Required action. Which lines of the data below include the string "finally"? Return each of them.
Material shown section start
lemma prob_code_joint_likelihood_ratio_le:
  fixes P :: "('s::finite \<times> 'x::finite) pmf" and Q :: "'sh::finite \<Rightarrow> 'xh::finite \<Rightarrow> 'x pmf"
    and dec :: "nat \<Rightarrow> ('sh \<times> 'xh) pmf"
  assumes enc: "\<And>x. set_pmf (enc x) \<subseteq> {1..M}" and c: "c \<ge> 0"
  shows "measure_pmf.prob (code_joint P enc dec)
           {((s, x), (z, y)). pmf (map_pmf snd P) x \<le> c * pmf (Q z y) x} \<le> c * M"
proof -
  define p where "p = map_pmf snd P"
  define W where "W = code_channel enc dec"
  have "map_pmf (\<lambda>(sx, zy). (snd sx, zy)) (code_joint P enc dec)
      = bind_pmf p (\<lambda>x. map_pmf (Pair x) (W x))"
    by (simp add: code_joint_eq_bind_code_channel p_def W_def
                  map_bind_pmf bind_map_pmf pmf.map_comp o_def)
  moreover have "{((s :: 's, x), (z, y)). pmf p x \<le> c * pmf (Q z y) x}
      = (\<lambda>(sx, zy). (snd sx, zy)) -` {(x, zy). pmf p x \<le> c * pmf (case_prod Q zy) x}"
    by auto
  ultimately have "measure_pmf.prob (code_joint P enc dec) {((s, x), (z, y)). pmf p x \<le> c * pmf (Q z y) x}
      = measure_pmf.prob (bind_pmf p (\<lambda>x. map_pmf (Pair x) (W x)))
          {(x, zy). pmf p x \<le> c * pmf (case_prod Q zy) x}"
    by (simp only: measure_map_pmf[symmetric])
  also have "\<dots> \<le> c * (\<Sum>zy\<in>UNIV. \<Sum>u\<in>{1..M}. pmf (dec u) zy)"
    unfolding W_def using c by (intro prob_likelihood_ratio_le pmf_code_channel_le enc)
  also have "\<dots> = c * M"
    by (subst sum.swap) (simp add: sum_pmf_eq_1)
  finally show ?thesis unfolding p_def .
qed

lemma prob_code_joint_f_info_ge_le:
  fixes P :: "('s::finite \<times> 'x::finite) pmf" and Q :: "'sh::finite \<Rightarrow> 'xh::finite \<Rightarrow> 'x pmf"
    and dec :: "nat \<Rightarrow> ('sh \<times> 'xh) pmf"
  assumes b: "b > 1" and enc: "\<And>x. set_pmf (enc x) \<subseteq> {1..M}"
    and ac: "\<And>z y. absolutely_continuous (measure_pmf (map_pmf snd P)) (measure_pmf (Q z y))"
  shows "measure_pmf.prob (code_joint P enc dec)
           {((s, x), (z, y)). ereal \<gamma> \<le> f_info b P Q dS dX M ds dx s x z y}
         \<le> measure_pmf.prob (code_joint P enc dec) {((s, x), (z, y)). dS s z > ds \<or> dX x y > dx}
           + b powr (-\<gamma>)"
proof -
  define J where "J = code_joint P enc dec"
  define Err where "Err = {((s, x), (z, y)). dS s z > ds \<or> dX x y > dx}"
  define Small :: "(('s \<times> 'x) \<times> 'sh \<times> 'xh) set"
    where "Small = {((s, x), (z, y)). pmf (map_pmf snd P) x \<le> b powr (-\<gamma>) / M * pmf (Q z y) x}"
  obtain u where "u \<in> set_pmf (enc undefined)"
    using set_pmf_not_empty[of "enc undefined"] by blast
  with enc have M: "M \<ge> 1" by fastforce
  have "((s, x), (z, y)) \<in> Small"
    if "ereal \<gamma> \<le> f_info b P Q dS dX M ds dx s x z y" and "((s, x), (z, y)) \<notin> Err" for s x z y
  proof -
    have "pmf (map_pmf snd P) x \<le> b powr (-\<gamma>) / M * pmf (Q z y) x"
      using that by (intro f_info_ge_imp_pmf_le[where Q = Q and z = z and y = y, OF b M ac])
        (auto simp: Err_def)
    then show ?thesis
      by (simp add: Small_def)
  qed
  then have "{((s, x), (z, y)). ereal \<gamma> \<le> f_info b P Q dS dX M ds dx s x z y} \<subseteq> Err \<union> Small"
    by auto
  then have "measure_pmf.prob J {((s, x), (z, y)). ereal \<gamma> \<le> f_info b P Q dS dX M ds dx s x z y}
      \<le> measure_pmf.prob J (Err \<union> Small)"
    by (rule measure_pmf.finite_measure_mono) simp
  also have "\<dots> \<le> measure_pmf.prob J Err + measure_pmf.prob J Small"
    by (rule measure_subadditive) (simp_all add: measure_pmf.emeasure_eq_measure)
  also have "measure_pmf.prob J Small \<le> b powr (-\<gamma>) / M * M"
    unfolding J_def Small_def by (intro prob_code_joint_likelihood_ratio_le enc) simp
  also have "b powr (-\<gamma>) / M * M = b powr (-\<gamma>)"
    using M by simp
  finally show ?thesis
    unfolding J_def Err_def by simp
qed
lemma neighbors_unique:
  assumes "neighbors a b" "neighbors a c"
  shows "b = c"
proof -
  obtain m n where "fst a = fst b" "fst a = fst c"
    and "snd a = 2*m+1 \<and> snd b = 2*m+2 \<or> snd a = 2*m+2 \<and> snd b = 2*m+1"
    and "snd a = 2*n+1 \<and> snd c = 2*n+2 \<or> snd a = 2*n+2 \<and> snd c = 2*n+1"
    using assms by (elim neighbors_cases)
  then show ?thesis by (simp add: prod_eq_iff) presburger
qed

lemma cond_P0_same_neighbor:
  assumes "cond_P0 k P f" "i \<in> {1..2*k}" "j \<in> {1..2*k}" "f i = f j"
  shows "f (P i) = f (P j)"
  using assms neighbors_unique unfolding cond_P0_def by metis

lemma conds_cong:
  assumes "f \<circ> P' = f \<circ> P"
  shows "conds k P' S1 S2 f \<longleftrightarrow> conds k P S1 S2 f"
proof -
  have "f (P' x) = f (P x)" for x using assms by (metis comp_apply)
  then show ?thesis unfolding conds_def cond_P0_def cond_P1_def by simp
qed

lemma comp_perm_act_transpose:
  assumes "f i = f j" "f (P i) = f (P j)"
  shows "f \<circ> perm_act (transpose i j) P = f \<circ> P"
proof
  fix x
  have "f (transpose i j y) = f y" for y
    using assms(1) by (cases "y = i \<or> y = j") auto
  then have "f (perm_act (transpose i j) P x) = f (P (transpose i j x))"
    unfolding perm_act_transpose_apply by simp
  also have "\<dots> = f (P x)"
    using assms(2) by (cases "x = i \<or> x = j") auto
  finally show "(f \<circ> perm_act (transpose i j) P) x = (f \<circ> P) x" by simp
qed

lemma conds_perm_act_transpose_iff:
  assumes "i \<in> {1..2*k}" "j \<in> {1..2*k}" "f i = f j"
  shows "conds k S0 S1 S2 f \<longleftrightarrow> conds k (perm_act (transpose i j) S0) S1 S2 f"
proof -
  let ?S0' = "perm_act (transpose i j) S0"
  consider "cond_P0 k S0 f" | "cond_P0 k ?S0' f" | "\<not> cond_P0 k S0 f" "\<not> cond_P0 k ?S0' f"
    by blast
  then show ?thesis
  proof cases
    case 1
    then show ?thesis
      using conds_cong comp_perm_act_transpose cond_P0_same_neighbor assms by metis
  next
    case 2
    then have "f \<circ> perm_act (transpose i j) ?S0' = f \<circ> ?S0'"
      using comp_perm_act_transpose cond_P0_same_neighbor assms by metis
    then show ?thesis
      using conds_cong unfolding perm_act_transpose_transpose by metis
  qed (simp add: conds_def)
qed
(* Let $n$ be a positive integer and let $A(n)=(a_{ij})_{i,j\in\mathbb{N}}$ be the greedy matrix described in the context. Then $A(n)$ is symmetric: $a_{ij}=a_{ji}$ for all $i,j\geq 1$.
   Context: $\mathbb{N}=\{1,2,3,\dots\}$. Fix a positive integer $n$. The infinite $\{0,1\}$-matrix $A(n)=(a_{ij})_{i,j\in\mathbb{N}}$ is defined recursively. Its entries are determined row by row (row $1$ first), and within each row from left to right, so that $a_{kl}$ is determined after all $a_{ij}$ with $i<k$ and all $a_{kj}$ with $j<l$. One sets $a_{kl}=1$ if and only if all of the following hold: (1) $\sum_{j<l}a_{kj}<n+1$; (2) $\sum_{i<k}a_{il}<n+1$; (3) there is no pair $(i,j)$ with $1\le i<k$, $1\le j<l$ and $a_{ij}=a_{il}=a_{kj}=1$. Otherwise $a_{kl}=0$. *)

theory Defs
  imports Main
begin

text \<open>The greedy matrix A(n), indices from 1; entries at index 0 are irrelevant.
  A function a satisfies the recursive definition iff every entry a k l (k,l \<ge> 1)
  equals the value prescribed by the rule from earlier entries; such a function
  exists and is unique on indices \<ge> 1.\<close>
definition greedy_matrix :: "nat \<Rightarrow> (nat \<Rightarrow> nat \<Rightarrow> nat) \<Rightarrow> bool" where
  "greedy_matrix n a \<longleftrightarrow>
     (\<forall>k\<ge>1. \<forall>l\<ge>1. a k l =
        (if (\<Sum>j\<in>{1..<l}. a k j) < n + 1
            \<and> (\<Sum>i\<in>{1..<k}. a i l) < n + 1
            \<and> \<not> (\<exists>i\<in>{1..<k}. \<exists>j\<in>{1..<l}. a i j = 1 \<and> a i l = 1 \<and> a k j = 1)
         then 1 else 0))"

end

theory Submission
  imports Defs
begin

text \<open>The defining rule is invariant under exchanging the roles of rows and columns, and it
  determines the matrix uniquely because each entry depends only on entries with a smaller
  index sum. Hence the transpose satisfies the same recursion and coincides with the matrix.\<close>

definition greedy_rule :: "nat \<Rightarrow> (nat \<Rightarrow> nat \<Rightarrow> nat) \<Rightarrow> nat \<Rightarrow> nat \<Rightarrow> nat" where
  "greedy_rule n a k l =
     (if (\<Sum>j\<in>{1..<l}. a k j) < n + 1
         \<and> (\<Sum>i\<in>{1..<k}. a i l) < n + 1
         \<and> \<not> (\<exists>i\<in>{1..<k}. \<exists>j\<in>{1..<l}. a i j = 1 \<and> a i l = 1 \<and> a k j = 1)
      then 1 else 0)"

lemma greedy_matrix_iff_rule:
  "greedy_matrix n a \<longleftrightarrow> (\<forall>k\<ge>1. \<forall>l\<ge>1. a k l = greedy_rule n a k l)"
  unfolding greedy_matrix_def greedy_rule_def by (rule refl)

lemma greedy_matrix_entry:
  assumes "greedy_matrix n a" and "k \<ge> 1" and "l \<ge> 1"
  shows "a k l = greedy_rule n a k l"
  using assms unfolding greedy_matrix_iff_rule by blast

lemma greedy_rule_transpose:
  "greedy_rule n (\<lambda>i j. a j i) k l = greedy_rule n a l k"
proof -
  have swap: "(\<exists>i\<in>{1..<k}. \<exists>j\<in>{1..<l}. a j i = 1 \<and> a l i = 1 \<and> a j k = 1)
      \<longleftrightarrow> (\<exists>i\<in>{1..<l}. \<exists>j\<in>{1..<k}. a i j = 1 \<and> a i k = 1 \<and> a l j = 1)"
    by blast
  show ?thesis
    unfolding greedy_rule_def swap by (simp only: conj_left_commute)
qed

lemma greedy_rule_cong:
  assumes "k \<ge> 1" and "l \<ge> 1"
    and "\<And>i j. 1 \<le> i \<Longrightarrow> 1 \<le> j \<Longrightarrow> i \<le> k \<Longrightarrow> j \<le> l \<Longrightarrow> i + j < k + l \<Longrightarrow> a i j = b i j"
  shows "greedy_rule n a k l = greedy_rule n b k l"
proof -
  have "(\<Sum>j\<in>{1..<l}. a k j) = (\<Sum>j\<in>{1..<l}. b k j)"
    using assms(1) by (intro sum.cong) (auto intro: assms(3))
  moreover have "(\<Sum>i\<in>{1..<k}. a i l) = (\<Sum>i\<in>{1..<k}. b i l)"
    using assms(2) by (intro sum.cong) (auto intro: assms(3))
  moreover have "(\<exists>i\<in>{1..<k}. \<exists>j\<in>{1..<l}. a i j = 1 \<and> a i l = 1 \<and> a k j = 1)
      \<longleftrightarrow> (\<exists>i\<in>{1..<k}. \<exists>j\<in>{1..<l}. b i j = 1 \<and> b i l = 1 \<and> b k j = 1)"
    using assms(1,2) by (intro bex_cong refl) (auto simp: assms(3))
  ultimately show ?thesis
    unfolding greedy_rule_def by simp
qed

lemma greedy_matrix_unique:
  assumes "greedy_matrix n a" and "greedy_matrix n b" and "k \<ge> 1" and "l \<ge> 1"
  shows "a k l = b k l"
  using assms(3,4)
proof (induction "k + l" arbitrary: k l rule: less_induct)
  case less
  have "a k l = greedy_rule n a k l"
    using assms(1) less.prems by (rule greedy_matrix_entry)
  also have "\<dots> = greedy_rule n b k l"
    using less by (intro greedy_rule_cong) simp_all
  also have "\<dots> = b k l"
    using assms(2) less.prems by (rule greedy_matrix_entry[symmetric])
  finally show ?case .
qed

lemma greedy_matrix_transpose:
  assumes "greedy_matrix n a"
  shows "greedy_matrix n (\<lambda>i j. a j i)"
  unfolding greedy_matrix_iff_rule
proof (intro allI impI)
  fix k l :: nat
  assume "k \<ge> 1" and "l \<ge> 1"
  with assms have "a l k = greedy_rule n a l k"
    by (intro greedy_matrix_entry)
  also have "\<dots> = greedy_rule n (\<lambda>i j. a j i) k l"
    by (rule greedy_rule_transpose[symmetric])
  finally show "a l k = greedy_rule n (\<lambda>i j. a j i) k l" .
qed

theorem theorem3p2:
  fixes n :: nat and a :: "nat \<Rightarrow> nat \<Rightarrow> nat"
  assumes "n \<ge> 1" and "greedy_matrix n a"
  shows "\<forall>i\<ge>1. \<forall>j\<ge>1. a i j = a j i"
  using greedy_matrix_unique[OF assms(2) greedy_matrix_transpose[OF assms(2)]] by blast

end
Material shown section end
Problem solution.
  finally show ?thesis unfolding p_def .
  finally show ?thesis
  finally show "(f \<circ> perm_act (transpose i j) P) x = (f \<circ> P) x" by simp
  finally show ?case .
  finally show "a l k = greedy_rule n (\<lambda>i j. a j i) k l" .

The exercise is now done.